Saved entries
* * * *
lemma right_adm:
  "admissible b c V n23 (second_range e2 n2 n3) \<and>
   admissible a V W (n1 + msize V - e1) (second_range e1 n1 (msize V)) \<longleftrightarrow>
   fits W \<and> V = right_mid W"
proof
  assume h: "admissible b c V n23 (second_range e2 n2 n3) \<and>
    admissible a V W (n1 + msize V - e1) (second_range e1 n1 (msize V))"
  have mv: "msize V = n23" using h by (auto simp: admissible_def intro: msize_Mperm)
  have W: "Mperm N W" using h mv by (simp add: admissible_def N_alt)
  have V: "V = right_mid W" using h mv by (simp add: admissible_def right_mid_def J_def)
  have "restr W I1 = a" using h by (simp add: admissible_def msize_a I1_def)
  moreover have "stdM (restr W I2) = b"
    using h V right_mid_b[OF W] stdM_I2[OF W] by (simp add: admissible_def msize_b)
  moreover have "stdM (restr W I3) = c"
    using h V right_mid_c[OF W] stdM_I3[OF W] by (simp add: admissible_def msize_b)
  ultimately show "fits W \<and> V = right_mid W" using W V by (simp add: fits_def)
next
  assume h: "fits W \<and> V = right_mid W"
  then have W: "Mperm N W" and V: "V = right_mid W" by (auto simp: fits_def)
  have mv: "msize V = n23" using right_mid_Mperm[OF W] V by (simp add: msize_Mperm)
  show "admissible b c V n23 (second_range e2 n2 n3) \<and>
    admissible a V W (n1 + msize V - e1) (second_range e1 n1 (msize V))"
    unfolding admissible_def mv msize_a msize_b N_alt J_def[symmetric]
  proof (intro conjI)
    show "Mperm n23 V" using right_mid_Mperm[OF W] V by simp
    show "restr V {1..n2} = b" using V right_mid_b[OF W] stdM_I2[OF W] h by (simp add: fits_def)
    show "stdM (restr V (second_range e2 n2 n3)) = c"
      using V right_mid_c[OF W] stdM_I3[OF W] h by (simp add: fits_def)
    show "Mperm N W" by (rule W)
    show "restr W {1..n1} = a" using h by (simp add: fits_def I1_def)
    show "stdM (restr W J) = V" using V by (simp add: right_mid_def)
  qed
qed
(* The point $p=(v_{0,0},v_{1,0},v_{2,0},\ldots)$ is a fixed point of $T$, and it is the only periodic point of $(X,T)$.
   Context: Paths and cycles: a graph is $G=(V,E)$ with $V$ finite and $E\subset V\times V$. A path is a finite sequence of vertices $(u_0,\dots,u_L)$ with $(u_j,u_{j+1})\in E$; its length is $|\cdot|=L$; a cycle is a path with $u_0=u_L$. For paths where one ends where the next starts, $+$ denotes concatenation and $a\,c$ means the cycle $c$ traversed $a$ times. Construction: $G_0=(V_0,E_0)$ with $V_0=\{v_{0,0}\}$, $E_0=\{e_{0,0}\}$, $e_{0,0}=(v_{0,0},v_{0,0})$. For $n\geq1$, $G_n=(V_n,E_n)$ consists of a vertex $v_{n,0}$, the loop $e_{n,0}=(v_{n,0},v_{n,0})$, and $n$ cycles $c_{n,1},\dots,c_{n,n}$, each starting and ending at $v_{n,0}$, whose vertices other than $v_{n,0}$ are pairwise distinct (within each cycle and across cycles); $V_n$ is the set of all these vertices and $E_n$ consists of $e_{n,0}$ and the edges of the cycles. The maps $\varphi_n\colon V_{n+1}\to V_n$ and the lengths of the cycles $c_{n+1,i}$ are defined together: $\varphi_n(v_{n+1,0})=v_{n,0}$, and for each $i$ a path $P_{n,i}$ in $G_n$ from $v_{n,0}$ to $v_{n,0}$ is given; $c_{n+1,i}$ has length $|P_{n,i}|$ and $\varphi_n$ maps its $j$-th vertex to the $j$-th vertex of $P_{n,i}$ (written $\varphi_n(c_{n+1,i})=P_{n,i}$). The paths are: $P_{0,1}=10\,e_{0,0}$; for $n\geq1$: $P_{n,i}=e_{n,0}+2c_{n,i}+2c_{n,i+1}+\dots+2c_{n,n}+e_{n,0}$ for $2\leq i\leq n$; $P_{n,n+1}=(n+2)^2\big(\sum_{i=1}^n|c_{n,i}|\big)\,e_{n,0}$; and $P_{n,1}=(1\,e_{n,0}+2c_{n,1})+(2\,e_{n,0}+2c_{n,1})+\dots+(k_n\,e_{n,0}+2c_{n,1})+e_{n,0}+2c_{n,2}+\dots+2c_{n,n}+e_{n,0}$, where $k_n=2\big(1+\sum_{i=1}^n|c_{n,i}|\big)$. Let $X=\{x\in\prod_{n\geq0}V_n:\varphi_n(x_{n+1})=x_n\ \forall n\}$ with metric $d(x,y)=2^{-\min\{i:x_i\neq y_i\}}$ ($d(x,x)=0$); $X$ is a compact zero-dimensional metric space, and $T\colon X\to X$ defined by $T(x)=y$ iff $(x_n,y_n)\in E_n$ for all $n$ is a well-defined homeomorphism. Write $x_n$ for the $n$-th coordinate of $x$. *)

theory Defs
  imports Main
begin

text \<open>
Vertices of G_n are pairs of naturals: (0,0) is v_{n,0}; (i,j) with 1 <= i <= n and
1 <= j < |c_{n,i}| is the j-th vertex of the cycle c_{n,i}.
A cycle based at (0,0) is represented by the list of its vertices omitting the final
(repeated) vertex (0,0); concatenation of such cycles is list append and the length of
the cycle equals the length of the list.
\<close>

type_synonym vert = "nat \<times> nat"

definition base :: vert where "base = (0, 0)"

definition loopc :: "vert list" where "loopc = [base]"

text \<open>c_{n,i} given the list ls of cycle lengths of G_n (index i is 1-based).\<close>
definition cyc :: "nat list \<Rightarrow> nat \<Rightarrow> vert list" where
  "cyc ls i = base # map (\<lambda>j. (i, j)) [1..<ls ! (i - 1)]"

definition rep :: "nat \<Rightarrow> vert list \<Rightarrow> vert list" where
  "rep a c = concat (replicate a c)"

definition mkpaths :: "nat \<Rightarrow> nat list \<Rightarrow> vert list list" where
  "mkpaths n ls =
    (if n = 0 then [rep 10 loopc]
     else
       (let S = sum_list ls; k = 2 * (1 + S);
            tailp = (\<lambda>i. concat (map (\<lambda>m. rep 2 (cyc ls m)) [i..<n + 1]));
            P1 = concat (map (\<lambda>m. rep m loopc @ rep 2 (cyc ls 1)) [1..<k + 1])
                 @ loopc @ tailp 2 @ loopc;
            Pi = (\<lambda>i. loopc @ tailp i @ loopc);
            Plast = rep ((n + 2)^2 * S) loopc
        in [P1] @ map Pi [2..<n + 1] @ [Plast]))"

text \<open>lens n = [|c_{n,1}|, ..., |c_{n,n}|].\<close>
primrec lens :: "nat \<Rightarrow> nat list" where
  "lens 0 = []"
| "lens (Suc n) = map length (mkpaths n (lens n))"

definition paths :: "nat \<Rightarrow> vert list list" where
  "paths n = mkpaths n (lens n)"

definition Vn :: "nat \<Rightarrow> vert set" where
  "Vn n = {base} \<union> {(i, j). 1 \<le> i \<and> i \<le> n \<and> 1 \<le> j \<and> j < lens n ! (i - 1)}"

definition path_edges :: "vert list \<Rightarrow> (vert \<times> vert) set" where
  "path_edges p = {(p ! j, p ! Suc j) | j. Suc j < length p}"

definition En :: "nat \<Rightarrow> (vert \<times> vert) set" where
  "En n = {(base, base)} \<union> (\<Union>i\<in>{1..n}. path_edges (cyc (lens n) i @ [base]))"

text \<open>phi_n : V_{n+1} \<rightarrow> V_n, mapping the j-th vertex of c_{n+1,i} to the j-th vertex of P_{n,i}.\<close>
definition phi :: "nat \<Rightarrow> vert \<Rightarrow> vert" where
  "phi n v = (if v = base then base else paths n ! (fst v - 1) ! snd v)"

definition Xsp :: "(nat \<Rightarrow> vert) set" where
  "Xsp = {x. (\<forall>n. x n \<in> Vn n) \<and> (\<forall>n. phi n (x (Suc n)) = x n)}"

definition Tmap :: "(nat \<Rightarrow> vert) \<Rightarrow> (nat \<Rightarrow> vert)" where
  "Tmap x = (THE y. y \<in> Xsp \<and> (\<forall>n. (x n, y n) \<in> En n))"

definition pt :: "nat \<Rightarrow> vert" where "pt = (\<lambda>n. base)"

definition periodic_point :: "(nat \<Rightarrow> vert) \<Rightarrow> bool" where
  "periodic_point x \<longleftrightarrow> x \<in> Xsp \<and> (\<exists>k>0. (Tmap ^^ k) x = x)"

end

theory Submission
  imports Defs
begin

text \<open>
Every path \<open>P\<^sub>n\<^sub>,\<^sub>i\<close> either begins with the loop followed by a cycle, or is a power of the loop;
in both cases its second vertex is \<open>v\<^sub>n\<^sub>,\<^sub>0\<close>. So a point all of whose coordinates are successors
of \<open>v\<^sub>n\<^sub>,\<^sub>0\<close> is \<open>p\<close>, and \<open>p\<close> is fixed. A point \<open>x \<noteq> p\<close> lies off \<open>v\<^sub>n\<^sub>,\<^sub>0\<close> from some level on,
where its successor is forced inside the cycle; since \<open>\<phi>\<^sub>n\<close> maps edges to edges this makes \<open>T\<close>
well defined. Finally the cycles of \<open>G\<^sub>n\<close> are longer than \<open>n\<close>. If \<open>x \<noteq> p\<close> had period \<open>k\<close>, its
orbit at a level \<open>n > k\<close> would be a \<open>k\<close>-periodic walk through some cycle \<open>c\<^sub>n\<^sub>,\<^sub>i\<close>: tracing it back
to the first vertex of \<open>c\<^sub>n\<^sub>,\<^sub>i\<close> and then \<open>k\<close> steps forward stays inside the cycle, so the walk
cannot return after \<open>k\<close> steps.
\<close>

lemma length_rep: "length (rep a c) = a * length c"
  by (simp add: rep_def length_concat sum_list_replicate)

lemma mkpaths_shape:
  assumes "P \<in> set (mkpaths n ls)"
  shows "(\<exists>i r. 1 \<le> i \<and> i \<le> n \<and> P = loopc @ rep 2 (cyc ls i) @ r)
    \<or> P = rep (if n = 0 then 10 else (n + 2)^2 * sum_list ls) loopc"
proof (cases "n = 0")
  case True
  then show ?thesis using assms by (simp add: mkpaths_def)
next
  case False
  define tailp where "tailp i = concat (map (\<lambda>m. rep 2 (cyc ls m)) [i..<n + 1])" for i
  define P1 where "P1 = concat (map (\<lambda>m. rep m loopc @ rep 2 (cyc ls 1)) [1..<2 * (1 + sum_list ls) + 1])
      @ loopc @ tailp 2 @ loopc"
  have tailp_Cons: "tailp i = rep 2 (cyc ls i) @ tailp (Suc i)" if "i \<le> n" for i
    using that by (simp add: tailp_def upt_conv_Cons del: upt_Suc)
  have "[1..<2 * (1 + sum_list ls) + 1] = 1 # [Suc 1..<2 * (1 + sum_list ls) + 1]"
    by (rule upt_conv_Cons) simp
  then have P1_shape: "\<exists>r. P1 = loopc @ rep 2 (cyc ls 1) @ r"
    by (simp add: P1_def rep_def)
  have "mkpaths n ls = P1 # map (\<lambda>i. loopc @ tailp i @ loopc) [2..<n + 1]
      @ [rep ((n + 2)^2 * sum_list ls) loopc]"
    using False by (simp add: mkpaths_def Let_def tailp_def P1_def)
  with assms consider (first) "P = P1"
    | (middle) i where "2 \<le> i" "i \<le> n" "P = loopc @ tailp i @ loopc"
    | (last) "P = rep ((n + 2)^2 * sum_list ls) loopc"
    by (auto simp del: upt_Suc)
  then show ?thesis
  proof cases
    case first
    then show ?thesis using P1_shape False by fastforce
  next
    case (middle i)
    then have "P = loopc @ rep 2 (cyc ls i) @ tailp (Suc i) @ loopc" using tailp_Cons by simp
    with middle show ?thesis by (intro disjI1 exI[of _ i]) auto
  qed (use False in simp)
qed

lemma length_mkpaths: "length (mkpaths n ls) = Suc n"
  by (simp add: mkpaths_def Let_def; arith)

lemma length_lens: "length (lens n) = n"
  by (induct n) (auto simp: length_mkpaths)

lemma length_paths: "length (paths n) = Suc n"
  by (simp add: paths_def length_mkpaths)

lemma lens_Suc_nth: "k \<le> n \<Longrightarrow> lens (Suc n) ! k = length (paths n ! k)"
  by (simp add: paths_def length_mkpaths)
lemma parallelogram_partner_BC_A:
  "parallelogram_partner (faces_at (edge h B)) (edge (h @ pw [B, C]) A)
     (faces_at (edge (h @ pw [B, C, A, C]) D))"
proof (rule parallelogram_partnerI)
  let ?v = "\<lambda>w. vtx (h @ pw w)"
  have x: "vtx (h @ pw [B, C, A]) = vtx h"
    "vtx ((h @ pw [B, C]) @ pw [A, C, D]) = ?v [B, C]"
    "vtx ((h @ pw [B, C, A]) @ pw [C, D, F]) = ?v [B, C, A]"
    by (rule vtx_append_factorization, simp add: factorizations_eq factorization_list_def)+
  then have "face h [B, A, C] = {?v [B, A], vtx h, ?v [B]}"
    "face h [B, C, A] = {vtx h, ?v [B], ?v [B, C]}"
    "face (h @ pw [B, C, A, C]) [D, E, F] = {?v [B, C, A, C], ?v [B, C], ?v [B, C, A, C, D, E]}"
    "face (h @ pw [B, C, A, C]) [D, F, E] = {vtx h, ?v [B, C, A, C], ?v [B, C]}"
    unfolding face_def by (simp_all add: insert_commute)
  then show "faces_at (edge h B) = {{?v [B, A], vtx h, ?v [B]},
      {vtx h, ?v [B], ?v [B, C]}}"
    and "faces_at (edge (h @ pw [B, C, A, C]) D) = {{vtx h, ?v [B, C, A, C], ?v [B, C]},
      {?v [B, C, A, C], ?v [B, C], ?v [B, C, A, C, D, E]}}"
    unfolding faces_at_edge_B faces_at_edge_D by (simp_all only: insert_commute)
  show "edge (h @ pw [B, C]) A = {vtx h, ?v [B, C]}"
    using x unfolding edge_def by (simp add: insert_commute)
  show "is_lozenge (faces_at (edge (h @ pw [B, C, A, C]) D))"
    by (rule is_lozenge_faces_at_edge) simp
  show "distinct [?v [B, A], vtx h, ?v [B, C, A, C], ?v [B], ?v [B, C], ?v [B, C, A, C, D, E]]"
    using distinct_vtx[of "[[B, A], [], [B, C, A, C], [B], [B, C], [B, C, A, C, D, E]]" h]
    by (simp add: vertex_invariant_def xpow_def xw_def inv_word_def numeral_eq_Suc)
qed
* * * *
Work to complete: All lines above from the one containing "y \<in> Xsp" to the one containing "Every path \<open>P\<^sub>n\<^sub>,\<^sub>i\<close>" must be repeated exactly, both lines included, and no others.

Answer section:
  "Tmap x = (THE y. y \<in> Xsp \<and> (\<forall>n. (x n, y n) \<in> En n))"

definition pt :: "nat \<Rightarrow> vert" where "pt = (\<lambda>n. base)"

definition periodic_point :: "(nat \<Rightarrow> vert) \<Rightarrow> bool" where
  "periodic_point x \<longleftrightarrow> x \<in> Xsp \<and> (\<exists>k>0. (Tmap ^^ k) x = x)"

end

theory Submission
  imports Defs
begin

text \<open>
Every path \<open>P\<^sub>n\<^sub>,\<^sub>i\<close> either begins with the loop followed by a cycle, or is a power of the loop;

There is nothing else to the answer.